When the talk in the room off of the great hall ended, Silvas and Carillia escorted the bishop to his room before they went on to their own quarters. Carillia started to prepare for bed at once. Silvas picked up his quarterstaff and went to warn Braf Goleg of the coming Council and the possibility of attack while it was in progress.
"We be ready, lord," Braf assured him.
"I trust there was no problem about dinner tonight," Silvas said. "You know why the unusual arrangements were needed."
"Aye, lord. It went well." The teeth that showed when Braf grinned were pointed, the tearing and ripping teeth of a carnivore.
The two made a hurried inspection of the walls and gates. The Seven Towers were sealed off against attack. Sentries and warriors were in place and alert. Finally Silvas left Braf to his duties and returned to the keep.

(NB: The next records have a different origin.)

(* Assume (C1) and (C2). For any $u\in\mathcal{D}$ with $u^+\neq0$ and $u^-\neq0$, there exists a unique pair of positive constants $(s_0,t_0)$ such that $s_0u^++t_0u^-\in\mathcal{M}$.
   Context: Fix real numbers $p,q,r$ with $1<p<q$, $\frac p2$ a positive integer, and $r\ge1$, and functions $a,b,c:\mathbb{Z}\to(0,+\infty)$. Conditions: - (C1) There is $b_0>0$ with $b(n)\ge b_0$ for all $n$ and $b(n)\to+\infty$ as $|n|\to\infty$. - (C2) There is $c_0>0$ with $c(n)\le c_0$ for all $n$ and $\sum_n c(n)<+\infty$. Notation for a real sequence $u=(u(n))_{n\in\mathbb{Z}}$: $\Delta u(n)=u(n+1)-u(n)$, $u^+(n)=\max\{u(n),0\}$, $u^-(n)=\min\{u(n),0\}$. Spaces: - $E$ is the set of real sequences $u$ with $\|u\|:=\big(\sum_n[a(n)|\Delta u(n)|^p+b(n)|u(n)|^p]\big)^{1/p}<\infty$. - $\mathcal{D}=\{u\in E:\sum_n c(n)|u(n)|^q\ln|u(n)|^r<+\infty\}$, where terms with $u(n)=0$ are read as $0$. For $u,v\in\mathcal{D}$: $$\langle I'(u),v\rangle=\sum_n[a(n)|\Delta u(n)|^{p-2}\Delta u(n)\Delta v(n)+b(n)|u(n)|^{p-2}u(n)v(n)]-\sum_n c(n)|u(n)|^{q-2}u(n)v(n)\ln|u(n)|^r.$$ $\mathcal{M}=\{u\in\mathcal{D}:u^+\ne0,\ u^-\neq0,\ \langle I'(u),u^+\rangle=0,\ \langle I'(u),u^-\rangle=0\}$. *)

theory Defs
  imports "HOL-Analysis.Analysis"
begin

definition fdiff :: "(int \<Rightarrow> real) \<Rightarrow> int \<Rightarrow> real" where
  "fdiff u n = u (n + 1) - u n"

definition pos_part :: "(int \<Rightarrow> real) \<Rightarrow> int \<Rightarrow> real" where
  "pos_part u n = max (u n) 0"

definition neg_part :: "(int \<Rightarrow> real) \<Rightarrow> int \<Rightarrow> real" where
  "neg_part u n = min (u n) 0"

definition spaceE :: "(int \<Rightarrow> real) \<Rightarrow> (int \<Rightarrow> real) \<Rightarrow> real \<Rightarrow> (int \<Rightarrow> real) set" where
  "spaceE a b p = {u. (\<lambda>n. a n * \<bar>fdiff u n\<bar> powr p + b n * \<bar>u n\<bar> powr p) summable_on UNIV}"

text \<open>The set D. Here ln |u|^r is read as ln (|u|^r); for u n = 0 the term is 0
  (in Isabelle 0 powr q = 0 and ln 0 = 0).\<close>
definition spaceD :: "(int \<Rightarrow> real) \<Rightarrow> (int \<Rightarrow> real) \<Rightarrow> (int \<Rightarrow> real) \<Rightarrow> real \<Rightarrow> real \<Rightarrow> real
    \<Rightarrow> (int \<Rightarrow> real) set" where
  "spaceD a b c p q r = {u \<in> spaceE a b p.
      (\<lambda>n. c n * \<bar>u n\<bar> powr q * ln (\<bar>u n\<bar> powr r)) summable_on UNIV}"

definition dI :: "(int \<Rightarrow> real) \<Rightarrow> (int \<Rightarrow> real) \<Rightarrow> (int \<Rightarrow> real) \<Rightarrow> real \<Rightarrow> real \<Rightarrow> real
    \<Rightarrow> (int \<Rightarrow> real) \<Rightarrow> (int \<Rightarrow> real) \<Rightarrow> real" where
  "dI a b c p q r u v =
     (\<Sum>\<^sub>\<infinity>n. a n * \<bar>fdiff u n\<bar> powr (p - 2) * fdiff u n * fdiff v n
              + b n * \<bar>u n\<bar> powr (p - 2) * u n * v n)
   - (\<Sum>\<^sub>\<infinity>n. c n * \<bar>u n\<bar> powr (q - 2) * u n * v n * ln (\<bar>u n\<bar> powr r))"

definition nehariM :: "(int \<Rightarrow> real) \<Rightarrow> (int \<Rightarrow> real) \<Rightarrow> (int \<Rightarrow> real) \<Rightarrow> real \<Rightarrow> real \<Rightarrow> real
    \<Rightarrow> (int \<Rightarrow> real) set" where
  "nehariM a b c p q r = {u \<in> spaceD a b c p q r.
      pos_part u \<noteq> (\<lambda>_. 0) \<and> neg_part u \<noteq> (\<lambda>_. 0) \<and>
      dI a b c p q r u (pos_part u) = 0 \<and> dI a b c p q r u (neg_part u) = 0}"

end

theory Submission
  imports Defs
begin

The central tower of the Glade was quiet. In the great hall, only the fires in the twin hearths were still burning, along with a single torch near the main entrance. Satin and Velvet came to walk this part of the tour with Silvas. The cats came as hunters now. Their earlier nervousness had been channeled into the exaggerated patience of the stalk. They flanked Silvas as he prowled the halls and larger rooms of the keep, their ears forward, heads moving constantly, looking and listening for any threat. Silvas felt himself slipping more firmly into the same mode. He had to switch his grip on the quarterstaff from time to time, consciously relaxing his hold on it.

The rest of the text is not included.